Moreover, how many iterations would one use (i.e., constant N in
NFQ_main() (Fig. 1 in [1]))? In table-based DP it is possible to do as
many iterations as necessary for convergence, i.e., Q_{k+1} = Q_k +/-
epsilon. In my experiments with NFQ 20-30 iterations are sufficient to
generate perfect policies (i.e., policies that balance for at least 3000
steps). At this point the Q-function has not yet reached convergence, but
if I continue to iterate, the network "unlearns" the policy.

So to summarize, I'm looking for the implementation and parameters used to
generate the observations (and evaluate the policy) and the NFQ parameter
N giving the number of iterations.


Thanks,

Alex


[1]
http://www.ni.uni-osnabrueck.de/fileadmin/user_upload/publications/riedmiller.ecml2005.official.pdf
[2] http://www.ni.uos.de/index.php?id=70

--
PGP Public Key: http://www.tu-ilmenau.de/~alha-in/ahans.asc
Fingerprint: E110 4CA3 288A 93F3 5237 E904 A85B 4B18 CFDC 63E3

Brian Tanner

unread,
Mar 26, 2010, 8:44:57 AM3/26/10
to rl-...@googlegroups.com
Hi Alexander. There is a different implementation in the RL-Library
that is compatible with RL-Glue:
http://library.rl-community.org/wiki/CartPole_(Java)

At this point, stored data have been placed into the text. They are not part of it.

(* Let $\mathcal{Q}$ be a quadrangle with vertices $A,C,B,D$ in cyclic order. For each point $X$ on the line $A\vee B$ put $Y=X\cdot\rho_{A,B}$ and $Z(X)=(C\vee X)\wedge(D\vee Y)$. Then $C\vee X\neq D\vee Y$ for every $X\in A\vee B$, and the map $X\mapsto Z(X)$ is a bijection from the line $A\vee B$ onto the harmonic curve $\mathcal{C}_{\mathcal{Q}}$.
   Context: $\mathbb{P}^2$ denotes the projective plane over a field $F$ with $\operatorname{char}F\neq 2$. For distinct points $X,Y$, $X\vee Y$ is the line through them; for distinct lines $\ell,m$, $\ell\wedge m$ is their common point. Maps act on the right: $X\cdot\rho$. Four distinct collinear points $A,C,B,D$ form a harmonic set with conjugate pairs $\{A,B\}$ and $\{C,D\}$ if the cross-ratio $(A,B;C,D)=-1$; $D$ is then the harmonic conjugate of $C$ with respect to $A,B$. Four distinct concurrent lines form a harmonic pencil with given conjugate pairs if some (equivalently every) line not through their common point meets them in a harmonic set with the corresponding conjugate pairs. For distinct points $A,B$ on a line $\ell$, the harmonic reflection $\rho_{A,B}:\ell\to\ell$ fixes $A$ and $B$ and sends every other point of $\ell$ to its harmonic conjugate with respect to $A,B$. A quadrangle $\mathcal{Q}$ with vertices $A,C,B,D$ (in cyclic order) consists of four points in general position (no three collinear) together with this cyclic order up to reversal; its sides are $A\vee C, C\vee B, B\vee D, D\vee A$, its opposite vertex pairs are $\{A,B\}$ and $\{C,D\}$, and its diagonal lines are $A\vee B$ and $C\vee D$. The harmonic curve $\mathcal{C}_{\mathcal{Q}}$ is the set consisting of $A,C,B,D$ together with all points $Z\notin\{A,B,C,D\}$ such that $Z\vee A, Z\vee C, Z\vee B, Z\vee D$ are four distinct lines forming a harmonic pencil with conjugate pairs $\{Z\vee A,Z\vee B\}$ and $\{Z\vee C,Z\vee D\}$. *)

theory Defs
  imports Main
begin
(* Let $(H,R)$ be a semiquasitriangular Hopf algebra, let $u=S(R^{(2)})R^{(1)}$ be its Drinfeld element, and let $T:H\to H$ be the map $T(h)=R^{(2)}h_2R'^{(2)}S(h_1)S(R^{(1)})h_3R'^{(1)}$ (i.e. $T=\mu\circ\nu$, with $\mu$ the multiplication). Then $u$ is invertible with $u^{-1}=R^{(2)}S^2(R^{(1)})$, and $S^2(h)=u\,T(h)\,u^{-1}$ for all $h\in H$.
   Context: All vector spaces are over a field $k$, $\otimes=\otimes_k$. For a Hopf algebra $H$ with comultiplication $\Delta$, counit $\epsilon$, antipode $S$, we use Sweedler notation $\Delta(h)=h_1\otimes h_2$, etc. $\operatorname{Z}(H)$ is the centre of $H$. For $R\in H\otimes H$ we write $R=R^{(1)}\otimes R^{(2)}$ (summation understood); $R'^{(1)}\otimes R'^{(2)}$ denotes another copy of $R$. Definition (semiquasitriangular Hopf algebra): a pair $(H,R)$ with $H$ a Hopf algebra with bijective antipode and $R\in H\otimes H$ invertible such that (1) $R^{(1)}_1\otimes R^{(1)}_2\otimes R^{(2)} = R^{(1)}\otimes R'^{(1)}\otimes R^{(2)}R'^{(2)}$; (2) $R^{(1)}\otimes R^{(2)}_1\otimes R^{(2)}_2 = R^{(1)}R'^{(1)}\otimes R'^{(2)}\otimes R^{(2)}$; (3) $R^{(1)}\otimes R^{(2)}_2R'^{(1)}\otimes R^{(2)}_1R'^{(2)} = R^{(1)}\otimes R'^{(1)}R^{(2)}_1\otimes R'^{(2)}R^{(2)}_2$; (4) $R^{(1)}_2R'^{(1)}\otimes R^{(1)}_1R'^{(2)}\otimes R^{(2)} = R'^{(1)}R^{(1)}_1\otimes R'^{(2)}R^{(1)}_2\otimes R^{(2)}$; (5) $\nu(h):=R^{(2)}h_2R'^{(2)}\otimes S(h_1)S(R^{(1)})h_3R'^{(1)}\in H\otimes\operatorname{Z}(H)$ for all $h\in H$; (6) $\nu(h)=R^{(1)}h_2R'^{(1)}\otimes S(R'^{(2)})S(h_1)R^{(2)}h_3$ for all $h\in H$. The Drinfeld element of $(H,R)$ is $u:=S(R^{(2)})R^{(1)}$. *)

theory Defs
  imports Main "HOL.Vector_Spaces"
begin

text \<open>Elements of H (x) H and H (x) H (x) H are represented by finite formal sums of
pure tensors (lists of pairs / triples).  Two formal sums denote the same element of the
tensor product over the field k iff they agree under every functional f (x) g (resp.
f (x) g (x) h) with f, g, h k-linear functionals on H (the canonical map
V (x) W -> (V* (x) W* )* is injective over a field).\<close>

type_synonym 'h tens2 = "('h \<times> 'h) list"
type_synonym 'h tens3 = "('h \<times> 'h \<times> 'h) list"
(* Let $\Omega$ be a semigroup and $(\mathcal{A},\{\eta^1,\eta^2,\dots\})$ a $Dend_\infty$-family algebra relative to $\Omega$. Then $(\mathcal{A}\otimes\mathbf{k}\Omega,\{\overline{\eta}^1,\overline{\eta}^2,\dots\})$ is a $Dend_\infty$-algebra, where $\overline{\eta}^k=(\overline{\eta}^{k,[1]},\dots,\overline{\eta}^{k,[k]})$ is defined by $\overline{\eta}^{k,[r]}(a_1\otimes\alpha_1,\dots,a_k\otimes\alpha_k)=\eta^{k,[r]}_{\alpha_1,\dots,\alpha_k}(a_1,\dots,a_k)\otimes\alpha_1\cdots\alpha_k$ (extended multilinearly) for $a_j\in\mathcal{A}$, $\alpha_j\in\Omega$, $[r]\in C_k$.
   Context: $\mathbf{k}$ is a commutative unital ring of characteristic $0$; $\Omega$ a semigroup; $\mathbf{k}\Omega$ the free $\mathbf{k}$-module on $\Omega$; $\mathcal{A}=\oplus_{i\in\mathbb{Z}}\mathcal{A}^i$ a graded $\mathbf{k}$-module and $\mathcal{A}\otimes\mathbf{k}\Omega$ is graded by $(\mathcal{A}\otimes\mathbf{k}\Omega)^i=\mathcal{A}^i\otimes\mathbf{k}\Omega$. $C_k=\{[1],\dots,[k]\}$ are formal symbols. For $m,n\ge1$, $1\le i\le m$, $1\le r\le m+n-1$ define $R_0[r]:=R_0(m;1,\dots,n,\dots,1)[r]$ to be $[r]$ if $r\le i-1$, $[i]$ if $i\le r\le i+n-1$, $[r-n+1]$ if $r\ge i+n$; and $R_i[r]:=R_i(m;1,\dots,n,\dots,1)[r]$ to be $[r-i+1]$ if $i\le r\le i+n-1$ and the formal sum $[1]+\cdots+[n]$ otherwise; for a tuple $\eta^n$ one sets $\eta^{n,[1]+\cdots+[n]}=\eta^{n,[1]}+\cdots+\eta^{n,[n]}$. Sign: $\pm:=(-1)^{i(n+1)+n(|a_1|+\cdots+|a_{i-1}|)}$. A $Dend_\infty$-family algebra is a graded $\mathcal{A}$ with, for each $k\ge1$, a $k$-tuple $\eta^k=(\eta^{k,[1]},\dots,\eta^{k,[k]})$ where each $\eta^{k,[r]}$ is a collection $\{\eta^{k,[r]}_{\alpha_1,\dots,\alpha_k}:\mathcal{A}^{\otimes k}\to\mathcal{A}\}_{\alpha_1,\dots,\alpha_k\in\Omega}$ of multilinear maps of degree $k-2$ such that $\eta^{k,[r]}_{\alpha_1,\dots,\alpha_k}$ does not depend on $\alpha_r$, satisfying for all $N\ge1$, $[r]\in C_N$, homogeneous $a_1,\dots,a_N$ and $\alpha_1,\dots,\alpha_N\in\Omega$: $\sum_{m+n=N+1}\sum_{i=1}^m\pm\,\eta^{m,R_0[r]}_{\alpha_1,\dots,\alpha_{i-1},\alpha_i\cdots\alpha_{i+n-1},\alpha_{i+n},\dots,\alpha_N}\big(a_1,\dots,a_{i-1},\eta^{n,R_i[r]}_{\alpha_i,\dots,\alpha_{i+n-1}}(a_i,\dots,a_{i+n-1}),a_{i+n},\dots,a_N\big)=0$. A $Dend_\infty$-algebra is the same notion with $\Omega$ a singleton (no labels, no independence condition): a graded module $\mathcal{B}$ with $k$-tuples $(\eta^{k,[1]},\dots,\eta^{k,[k]})$ of multilinear maps $\mathcal{B}^{\otimes k}\to\mathcal{B}$ of degree $k-2$ satisfying $\sum_{m+n=N+1}\sum_{i=1}^m\pm\,\eta^{m,R_0[r]}(b_1,\dots,\eta^{n,R_i[r]}(b_i,\dots,b_{i+n-1}),\dots,b_N)=0$ for all $N$, $[r]\in C_N$. *)

theory Defs
  imports Complex_Main "HOL-Library.Poly_Mapping"
begin

fun sprod :: "'w::semigroup_mult list \<Rightarrow> 'w" where
  "sprod [] = undefined"
| "sprod [x] = x"
| "sprod (x # y # xs) = x * sprod (y # xs)"

definition multilinear :: "('k::comm_ring_1 \<Rightarrow> 'a::ab_group_add \<Rightarrow> 'a)
    \<Rightarrow> ('k \<Rightarrow> 'b::ab_group_add \<Rightarrow> 'b) \<Rightarrow> nat \<Rightarrow> ('a list \<Rightarrow> 'b) \<Rightarrow> bool" where
  "multilinear scA scB n f \<longleftrightarrow>
     (\<forall>xs j x y c. length xs = n \<and> j < n \<longrightarrow>
        f (xs[j := x + y]) = f (xs[j := x]) + f (xs[j := y]) \<and>
        f (xs[j := scA c x]) = scB c (f (xs[j := x])))"

definition graded_module :: "('k::comm_ring_1 \<Rightarrow> 'a::ab_group_add \<Rightarrow> 'a) \<Rightarrow> (int \<Rightarrow> 'a set) \<Rightarrow> bool" where
  "graded_module sc G \<longleftrightarrow> module sc \<and> (\<forall>d. 0 \<in> G d \<and> (\<forall>x\<in>G d. \<forall>y\<in>G d. x + y \<in> G d) \<and> (\<forall>c. \<forall>x\<in>G d. sc c x \<in> G d)) \<and>
     (\<forall>x. \<exists>!c :: int \<Rightarrow>\<^sub>0 'a. (\<forall>d. Poly_Mapping.lookup c d \<in> G d) \<and> x = (\<Sum>d\<in>Poly_Mapping.keys c. Poly_Mapping.lookup c d))"

(* R_0(m;1,..,n,..,1)[r] (a single index) and R_i(m;1,..,n,..,1)[r]
   (a single index or the formal sum [1]+...+[n], represented as the set of summands) *)
definition R0 :: "nat \<Rightarrow> nat \<Rightarrow> nat \<Rightarrow> nat \<Rightarrow> nat" where
  "R0 m n i r = (if r \<le> i - 1 then r else if r \<le> i + n - 1 then i else r - n + 1)"

definition Ri :: "nat \<Rightarrow> nat \<Rightarrow> nat \<Rightarrow> nat \<Rightarrow> nat set" where
  "Ri m n i r = (if i \<le> r \<and> r \<le> i + n - 1 then {r - i + 1} else {1..n})"

definition sgnapp :: "nat \<Rightarrow> nat \<Rightarrow> int list \<Rightarrow> 'a::ab_group_add \<Rightarrow> 'a" where
  "sgnapp i n ds x = (if even (int i * (int n + 1) + int n * sum_list (take (i - 1) ds)) then x else - x)"

(* eta k r alphas as  =  eta^{k,[r]}_{alpha_1..alpha_k}(a_1..a_k)   (1 <= r <= k) *)
definition dend_family_algebra ::
  "('k::comm_ring_1 \<Rightarrow> 'a::ab_group_add \<Rightarrow> 'a) \<Rightarrow> (int \<Rightarrow> 'a set)
     \<Rightarrow> (nat \<Rightarrow> nat \<Rightarrow> 'w::semigroup_mult list \<Rightarrow> 'a list \<Rightarrow> 'a) \<Rightarrow> bool" where
  "dend_family_algebra sc G eta \<longleftrightarrow>
     graded_module sc G \<and>
     (\<forall>k r als. 1 \<le> r \<and> r \<le> k \<and> length als = k \<longrightarrow> multilinear sc sc k (eta k r als)) \<and>
     (\<forall>k r als xs ds. 1 \<le> r \<and> r \<le> k \<and> length als = k \<and> length xs = k \<and> length ds = k \<and>
        (\<forall>j<k. xs ! j \<in> G (ds ! j)) \<longrightarrow> eta k r als xs \<in> G (sum_list ds + int k - 2)) \<and>
     (\<forall>k r als b xs. 1 \<le> r \<and> r \<le> k \<and> length als = k \<and> length xs = k \<longrightarrow>
        eta k r (als[r - 1 := b]) xs = eta k r als xs) \<and>
     (\<forall>N r als xs ds. 1 \<le> N \<and> 1 \<le> r \<and> r \<le> N \<and> length als = N \<and> length xs = N \<and> length ds = N \<and>
        (\<forall>j<N. xs ! j \<in> G (ds ! j)) \<longrightarrow>
        (\<Sum>n\<in>{1..N}. \<Sum>i\<in>{1..N + 1 - n}.
           sgnapp i n ds
             (eta (N + 1 - n) (R0 (N + 1 - n) n i r)
                (take (i - 1) als @ [sprod (take n (drop (i - 1) als))] @ drop (i - 1 + n) als)
                (take (i - 1) xs @
                   [(\<Sum>s\<in>Ri (N + 1 - n) n i r. eta n s (take n (drop (i - 1) als)) (take n (drop (i - 1) xs)))]
                   @ drop (i - 1 + n) xs))) = 0)"
(* Sufficiency and separation are not incrementally conservative fairness measures. Precisely: there exist binary random variables $Y, A$ and two binary predictors $R, R'$ of $Y$, defined on the same population (so that the joint distribution of $(Y,A)$ is the same in both cases), such that $R$ satisfies both sufficiency ($Y \perp A \mid R$) and separation ($R \perp A \mid Y$), $R'$ has strictly higher accuracy than $R$, i.e. $P(R'=Y) > P(R=Y)$, and yet $R'$ satisfies neither sufficiency ($Y \perp A \mid R'$ fails) nor separation ($R' \perp A \mid Y$ fails).
   Context: Setting: $Y$ is the true label, $R$ is a prediction of $Y$, and $A$ is a group-membership variable, all random variables on a common probability space. $X \perp Z$ denotes independence, $P(X,Z)=P(X)P(Z)$; $X \perp Z \mid W$ denotes conditional independence, $P(X \mid Z, W) = P(X \mid W)$. A predictor $R$ satisfies sufficiency if $Y \perp A \mid R$, and separation if $R \perp A \mid Y$. The accuracy of a predictor $R$ is the degree to which it agrees with $Y$, i.e. $P(R=Y)$. A fairness measure is called incrementally conservative if the degree to which the measure is satisfied does not decrease when the accuracy of the predictor is increased; in particular, failure of incremental conservativeness is witnessed by a predictor satisfying the measure exactly together with a more accurate predictor that no longer satisfies it. *)

theory Defs
  imports "HOL-Probability.Probability"
begin

definition cond_indep :: "'o pmf \<Rightarrow> ('o \<Rightarrow> 'a) \<Rightarrow> ('o \<Rightarrow> 'b) \<Rightarrow> ('o \<Rightarrow> 'c) \<Rightarrow> bool" where
  "cond_indep p X Z W \<longleftrightarrow>
     (\<forall>x z w. measure_pmf.prob p {\<omega>. X \<omega> = x \<and> Z \<omega> = z \<and> W \<omega> = w} * measure_pmf.prob p {\<omega>. W \<omega> = w}
            = measure_pmf.prob p {\<omega>. X \<omega> = x \<and> W \<omega> = w} * measure_pmf.prob p {\<omega>. Z \<omega> = z \<and> W \<omega> = w})"

definition sufficiency :: "'o pmf \<Rightarrow> ('o \<Rightarrow> 'y) \<Rightarrow> ('o \<Rightarrow> 'g) \<Rightarrow> ('o \<Rightarrow> 'y) \<Rightarrow> bool" where
  "sufficiency p Y A R \<longleftrightarrow> cond_indep p Y A R"

definition separation :: "'o pmf \<Rightarrow> ('o \<Rightarrow> 'y) \<Rightarrow> ('o \<Rightarrow> 'g) \<Rightarrow> ('o \<Rightarrow> 'y) \<Rightarrow> bool" where
  "separation p Y A R \<longleftrightarrow> cond_indep p R A Y"

definition accuracy :: "'o pmf \<Rightarrow> ('o \<Rightarrow> 'y) \<Rightarrow> ('o \<Rightarrow> 'y) \<Rightarrow> real" where
  "accuracy p Y R = measure_pmf.prob p {\<omega>. R \<omega> = Y \<omega>}"

end

theory Submission
  imports Defs
begin

text \<open>A constant predictor satisfies separation for any population, and sufficiency
  exactly when Y and A are independent. So take Y and A independent fair coins and
  R = False. The predictor R' = Y \<and> A is additionally right when both coins show True,
  but within the class Y = True it coincides with A (no separation), and among the
  outcomes with R' = False the events Y and A both occur yet never together
  (no sufficiency).\<close>

lemma cond_indep_const_left: "cond_indep p (\<lambda>_. c) Z W"
  unfolding cond_indep_def
proof (intro allI)
  fix x z w
  show "measure_pmf.prob p {\<omega>. c = x \<and> Z \<omega> = z \<and> W \<omega> = w} * measure_pmf.prob p {\<omega>. W \<omega> = w}
      = measure_pmf.prob p {\<omega>. c = x \<and> W \<omega> = w} * measure_pmf.prob p {\<omega>. Z \<omega> = z \<and> W \<omega> = w}"
    by (cases "c = x") (simp_all add: mult.commute)
qed

lemma cond_indep_const_cond_iff:
  "cond_indep p X Z (\<lambda>_. c) \<longleftrightarrow>
     (\<forall>x z. measure_pmf.prob p {\<omega>. X \<omega> = x \<and> Z \<omega> = z}
            = measure_pmf.prob p {\<omega>. X \<omega> = x} * measure_pmf.prob p {\<omega>. Z \<omega> = z})"
  unfolding cond_indep_def by auto

lemma sufficiency_const_iff:
  "sufficiency p Y A (\<lambda>_. c) \<longleftrightarrow>
     (\<forall>y a. measure_pmf.prob p {\<omega>. Y \<omega> = y \<and> A \<omega> = a}
            = measure_pmf.prob p {\<omega>. Y \<omega> = y} * measure_pmf.prob p {\<omega>. A \<omega> = a})"
  unfolding sufficiency_def by (rule cond_indep_const_cond_iff)

lemma separation_const: "separation p Y A (\<lambda>_. c)"
  unfolding separation_def by (rule cond_indep_const_left)

lemma prob_uniform_four:
  fixes P :: "nat \<Rightarrow> bool"
  shows "measure_pmf.prob (pmf_of_set {..<4}) {\<omega>. P \<omega>} =
     ((if P 0 then 1 else 0) + (if P 1 then 1 else 0) + (if P 2 then 1 else 0) + (if P 3 then 1 else 0)) / 4"
proof -
  have "measure_pmf.prob (pmf_of_set {..<4}) {\<omega>. P \<omega>} = real (card ({..<4::nat} \<inter> {\<omega>. P \<omega>})) / 4"
    by (subst measure_pmf_of_set) (auto simp: lessThan_empty_iff)
  also have "real (card ({..<4::nat} \<inter> {\<omega>. P \<omega>})) = (\<Sum>\<omega><4::nat. if P \<omega> then 1 else 0)"
    by (simp add: sum.If_cases Int_commute)
  also have "\<dots> = (if P 0 then 1 else 0) + (if P 1 then 1 else 0) + (if P 2 then 1 else 0) + (if P 3 then 1 else 0)"
    by (simp add: numeral_eq_Suc)
  finally show ?thesis .
qed

theorem proposition2p8:
  shows "\<exists>(p :: nat pmf) (Y :: nat \<Rightarrow> bool) (A :: nat \<Rightarrow> bool) (R :: nat \<Rightarrow> bool) (R' :: nat \<Rightarrow> bool).
           sufficiency p Y A R \<and> separation p Y A R \<and>
           accuracy p Y R' > accuracy p Y R \<and>
           \<not> sufficiency p Y A R' \<and> \<not> separation p Y A R'"
proof (intro exI conjI)
  let ?p = "pmf_of_set {..<4}" and ?Y = "\<lambda>\<omega>::nat. odd \<omega>" and ?A = "\<lambda>\<omega>::nat. 2 \<le> \<omega>"
  let ?R' = "\<lambda>\<omega>. ?Y \<omega> \<and> ?A \<omega>"
  show "sufficiency ?p ?Y ?A (\<lambda>_. False)"
    unfolding sufficiency_const_iff prob_uniform_four by auto
  show "separation ?p ?Y ?A (\<lambda>_. False)"
    by (rule separation_const)
  show "accuracy ?p ?Y ?R' > accuracy ?p ?Y (\<lambda>_. False)"
    unfolding accuracy_def prob_uniform_four by simp
  have "measure_pmf.prob ?p {\<omega>. ?Y \<omega> = True \<and> ?A \<omega> = True \<and> ?R' \<omega> = False}
          * measure_pmf.prob ?p {\<omega>. ?R' \<omega> = False}
        \<noteq> measure_pmf.prob ?p {\<omega>. ?Y \<omega> = True \<and> ?R' \<omega> = False}
          * measure_pmf.prob ?p {\<omega>. ?A \<omega> = True \<and> ?R' \<omega> = False}"
    unfolding prob_uniform_four by simp
  then show "\<not> sufficiency ?p ?Y ?A ?R'"
    unfolding sufficiency_def cond_indep_def by blast
  have "measure_pmf.prob ?p {\<omega>. ?R' \<omega> = True \<and> ?A \<omega> = True \<and> ?Y \<omega> = True}
          * measure_pmf.prob ?p {\<omega>. ?Y \<omega> = True}
        \<noteq> measure_pmf.prob ?p {\<omega>. ?R' \<omega> = True \<and> ?Y \<omega> = True}
          * measure_pmf.prob ?p {\<omega>. ?A \<omega> = True \<and> ?Y \<omega> = True}"
    unfolding prob_uniform_four by simp
  then show "\<not> separation ?p ?Y ?A ?R'"
    unfolding separation_def cond_indep_def by blast
qed

end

This one is ported from Sutton's cart-pole code that goes back to the early 80s.

Not sure if this helps you at all though :)

> --
> You received this message because you are subscribed to the "Reinforcement Learning Mailing List" group.
> To post to this group, send email to rl-...@googlegroups.com
> To unsubscribe from this group, send email to
> rl-list-u...@googlegroups.com
> For more options, visit this group at
> http://groups.google.com/group/rl-list?hl=en
>
> To unsubscribe from this group, send email to rl-list+unsubscribegooglegroups.com or reply to this email with the words "REMOVE ME" as the subject.
>

--
Brian Tanner
Ph.D Student
University of Alberta
br...@tannerpages.com

Alexander Hans

unread,
Mar 26, 2010, 8:55:59 AM3/26/10
to rl-...@googlegroups.com
Hello Brian,

> Hi Alexander. There is a different implementation in the RL-Library
> that is compatible with RL-Glue:
> http://library.rl-community.org/wiki/CartPole_(Java)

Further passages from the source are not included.